Within the entries below, count the lines that hold the string "edge" and give only that number.

Saved data entries:
......
(* Fix $w\in S_n$ and $1\le i\le n-1$. Let $p\in H^*_T(X_w)$ have expansion $p=\sum_{v\le w}c_v[\Omega_v]_{X_w}$ with $c_v\in\mathbb{C}[t_1,\ldots,t_n]$. Then $$D_i(p)=\sum_{v\le w}\partial_i(c_v)[\Omega_v]_{X_w}+\sum_{v\le w:\ s_{i,i+1}v<v}s_{i,i+1}(c_v)[\Omega_{s_{i,i+1}v}]_{X_w}.$$ In particular $D_i(p)\in H^*_T(X_w)$.
   Context: Let $G=GL_n(\mathbb{C})$, $B$ (resp. $B^-$) the invertible upper- (resp. lower-) triangular matrices, and $T$ the diagonal torus. Permutations are identified with permutation matrices via $we_i=e_{w(i)}$, and $s_{jk}$ is the transposition of $j,k$. $X_w=\overline{BwB/B}$, and the Bruhat order is $v\le w$ iff $[v]\in X_w$. $\mathrm{Inv}(v)=\{t_a-t_b:a<b,\ v^{-1}(a)>v^{-1}(b)\}$ and $\ell(v)=|\mathrm{Inv}(v)|$. In GKM form, $H^*_T(X_w)$ is the ring of tuples $(p_u)_{u\le w}$ of polynomials in $\mathbb{C}[t_1,\ldots,t_n]$ with $p_u-p_{s_{jk}u}\in\langle t_j-t_k\rangle$ whenever $j<k$ and $u,s_{jk}u\le w$; $H^*_T(G/B)$ is the case of the longest permutation. $S_n$ acts on polynomials by $(u\cdot f)(t_1,\ldots,t_n)=f(t_{u(1)},\ldots,t_{u(n)})$, on $H^*_T(G/B)$ by $(u\cdot p)_v=u\cdot p_{u^{-1}v}$, and on $H^*_T(X_w)$ by $s\cdot\iota(p)=\iota(s\cdot p)$, where $\iota((p_u)_{u\in S_n})=(p_u)_{u\le w}$. The Schubert class $[\Omega_v]=(p^v_u)_u\in H^*_T(G/B)$ is the equivariant class of $\overline{B^-vB/B}$; equivalently, it is the unique class with $p^v_u=0$ unless $u\ge v$, each nonzero $p^v_u$ homogeneous of degree $\ell(v)$, and $p^v_v=\prod_{\beta\in\mathrm{Inv}(v)}\beta$. Set $[\Omega_v]_{X_w}=\iota([\Omega_v])$; these form a $\mathbb{C}[t_1,\ldots,t_n]$-basis of $H^*_T(X_w)$. The left divided difference operator is $D_i(p)=\dfrac{p-s_{i,i+1}\cdot p}{t_i-t_{i+1}}$ (computed componentwise), and $\partial_i(f)=\dfrac{f-s_{i,i+1}\cdot f}{t_i-t_{i+1}}$ for $f\in\mathbb{C}[t_1,\ldots,t_n]$.
   Formalization: $D_i(p)$ means $\iota$ applied to $D_i$ of the class $\sum_{v\le w}c_v[\Omega_v]$ in $H^*_T(G/B)$ rather than through the action $s\cdot\iota(p)=\iota(s\cdot p)$ on $H^*_T(X_w)$; each division by $t_i-t_{i+1}$ at $u\le w$ is also asserted exact. Apart from conventions, each condition added here is assumed in the paper as well or is needed for the statement above to hold. *)

theory Defs
  imports Complex_Main "HOL-Library.Poly_Mapping" "HOL-Combinatorics.Transposition" "HOL-Combinatorics.Permutations"
begin
definition has_countermodel :: "logic \<Rightarrow> ('a, 'p) fm set \<Rightarrow> ('a, 'p) fm set \<Rightarrow> bool" where
  "has_countermodel L X Y \<longleftrightarrow> (\<exists>M :: (('a, 'p) edge list, 'a, 'p) model.
     finite (W M) \<and> model_class L M \<and> (\<exists>w\<in>W M. (\<forall>\<phi>\<in>X. sat M w \<phi>) \<and> (\<forall>\<psi>\<in>Y. \<not> sat M w \<psi>)))"

lemma has_countermodel_mono: "has_countermodel L X' Y' \<Longrightarrow> X \<subseteq> X' \<Longrightarrow> Y \<subseteq> Y' \<Longrightarrow> has_countermodel L X Y"
  unfolding has_countermodel_def by blast

lemma has_countermodel_choice:
  assumes "\<forall>t\<in>T. has_countermodel L (X t) (Y t)"
  obtains M :: "'t \<Rightarrow> (('a, 'p) edge list, 'a, 'p) model" and r
  where "\<forall>t\<in>T. finite (W (M t)) \<and> model_class L (M t) \<and> r t \<in> W (M t) \<and>
    (\<forall>\<phi>\<in>X t. sat (M t) (r t) \<phi>) \<and> (\<forall>\<psi>\<in>Y t. \<not> sat (M t) (r t) \<psi>)"
proof -
  obtain M :: "'t \<Rightarrow> (('a, 'p) edge list, 'a, 'p) model"
    where M: "\<forall>t\<in>T. finite (W (M t)) \<and> model_class L (M t) \<and>
      (\<exists>w\<in>W (M t). (\<forall>\<phi>\<in>X t. sat (M t) w \<phi>) \<and> (\<forall>\<psi>\<in>Y t. \<not> sat (M t) w \<psi>))"
    using bchoice[OF assms[unfolded has_countermodel_def]] by blast
  then have "\<forall>t\<in>T. \<exists>w. w \<in> W (M t) \<and> (\<forall>\<phi>\<in>X t. sat (M t) w \<phi>) \<and> (\<forall>\<psi>\<in>Y t. \<not> sat (M t) w \<psi>)"
    by blast
  from bchoice[OF this] obtain r
    where "\<forall>t\<in>T. r t \<in> W (M t) \<and> (\<forall>\<phi>\<in>X t. sat (M t) (r t) \<phi>) \<and> (\<forall>\<psi>\<in>Y t. \<not> sat (M t) (r t) \<psi>)"
    by blast
  with M show ?thesis
    using that by blast
qed

lemma has_countermodel_empty: "has_countermodel L {} ({} :: ('a, 'p) fm set)"
proof -
  define M :: "(('a, 'p) edge list, 'a, 'p) model" where
    "M = \<lparr> W = {[]}, R = (\<lambda>G. {([], [])}), V = (\<lambda>p. {}) \<rparr>"
  have "model_class L M"
    by (cases L) (auto simp: M_def serial_model_def refl_model_def is_model_def)
  moreover have "finite (W M)" "[] \<in> W M"
    by (simp_all add: M_def)
  ultimately show ?thesis
    unfolding has_countermodel_def by blast
qed

definition decomposed_left :: "('a, 'p) fm \<Rightarrow> ('a, 'p) fm set \<Rightarrow> ('a, 'p) fm set \<Rightarrow> bool" where
  "decomposed_left \<phi> X Y \<longleftrightarrow>
     (\<exists>(\<Gamma>', \<Delta>') \<in> set (left_premises \<phi>). set_mset \<Gamma>' \<subseteq> X \<and> set_mset \<Delta>' \<subseteq> Y)"

definition decomposed_right :: "('a, 'p) fm \<Rightarrow> ('a, 'p) fm set \<Rightarrow> ('a, 'p) fm set \<Rightarrow> bool" where
  "decomposed_right \<phi> X Y \<longleftrightarrow>
     (\<exists>(\<Gamma>', \<Delta>') \<in> set (right_premises \<phi>). set_mset \<Gamma>' \<subseteq> X \<and> set_mset \<Delta>' \<subseteq> Y)"

lemma decomposed_left_mono:
  "decomposed_left \<phi> X Y \<Longrightarrow> X \<subseteq> X' \<Longrightarrow> Y \<subseteq> Y' \<Longrightarrow> decomposed_left \<phi> X' Y'"
  unfolding decomposed_left_def by blast

lemma decomposed_right_mono:
  "decomposed_right \<phi> X Y \<Longrightarrow> X \<subseteq> X' \<Longrightarrow> Y \<subseteq> Y' \<Longrightarrow> decomposed_right \<phi> X' Y'"
  unfolding decomposed_right_def by blast

lemma size_less_of_sum_size_less:
  assumes "\<psi> \<in># \<Psi>" and "sum_mset (image_mset size \<Psi>) < n"
  shows "size \<psi> < n"
proof -
  obtain \<Psi>' where "\<Psi> = add_mset \<psi> \<Psi>'"
    using assms(1) by (metis multi_member_split)
  then show ?thesis
    using assms(2) by simp
qed

lemma sat_of_decomposed:
  assumes "\<And>\<psi>. size \<psi> < size \<phi> \<Longrightarrow> (\<psi> \<in> X \<longrightarrow> sat M w \<psi>) \<and> (\<psi> \<in> Y \<longrightarrow> \<not> sat M w \<psi>)"
  shows "decomposed_left \<phi> X Y \<Longrightarrow> sat M w \<phi>" and "decomposed_right \<phi> X Y \<Longrightarrow> \<not> sat M w \<phi>"
proof -
  have premise_truth: "(\<forall>\<psi>\<in>#\<Gamma>'. sat M w \<psi>) \<and> (\<forall>\<psi>\<in>#\<Delta>'. \<not> sat M w \<psi>)"
    if "set_mset \<Gamma>' \<subseteq> X" "set_mset \<Delta>' \<subseteq> Y" "sum_mset (image_mset size (\<Gamma>' + \<Delta>')) < size \<phi>"
    for \<Gamma>' \<Delta>'
    using assms that size_less_of_sum_size_less[of _ "\<Gamma>' + \<Delta>'"] by auto
  show "sat M w \<phi>" if left: "decomposed_left \<phi> X Y"
  proof -
    obtain \<Gamma>' \<Delta>' where "(\<Gamma>', \<Delta>') \<in> set (left_premises \<phi>)" "set_mset \<Gamma>' \<subseteq> X" "set_mset \<Delta>' \<subseteq> Y"
      using left unfolding decomposed_left_def by blast
    then show ?thesis
      using premise_truth sat_left_premise left_premises_smaller by metis
  qed
  show "\<not> sat M w \<phi>" if right: "decomposed_right \<phi> X Y"
  proof -
    obtain \<Gamma>' \<Delta>' where "(\<Gamma>', \<Delta>') \<in> set (right_premises \<phi>)" "set_mset \<Gamma>' \<subseteq> X" "set_mset \<Delta>' \<subseteq> Y"
      using right unfolding decomposed_right_def by blast
    then show ?thesis
      using premise_truth sat_right_premise right_premises_smaller by metis
  qed
qed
......
▶ _Solution to this exercise_:
4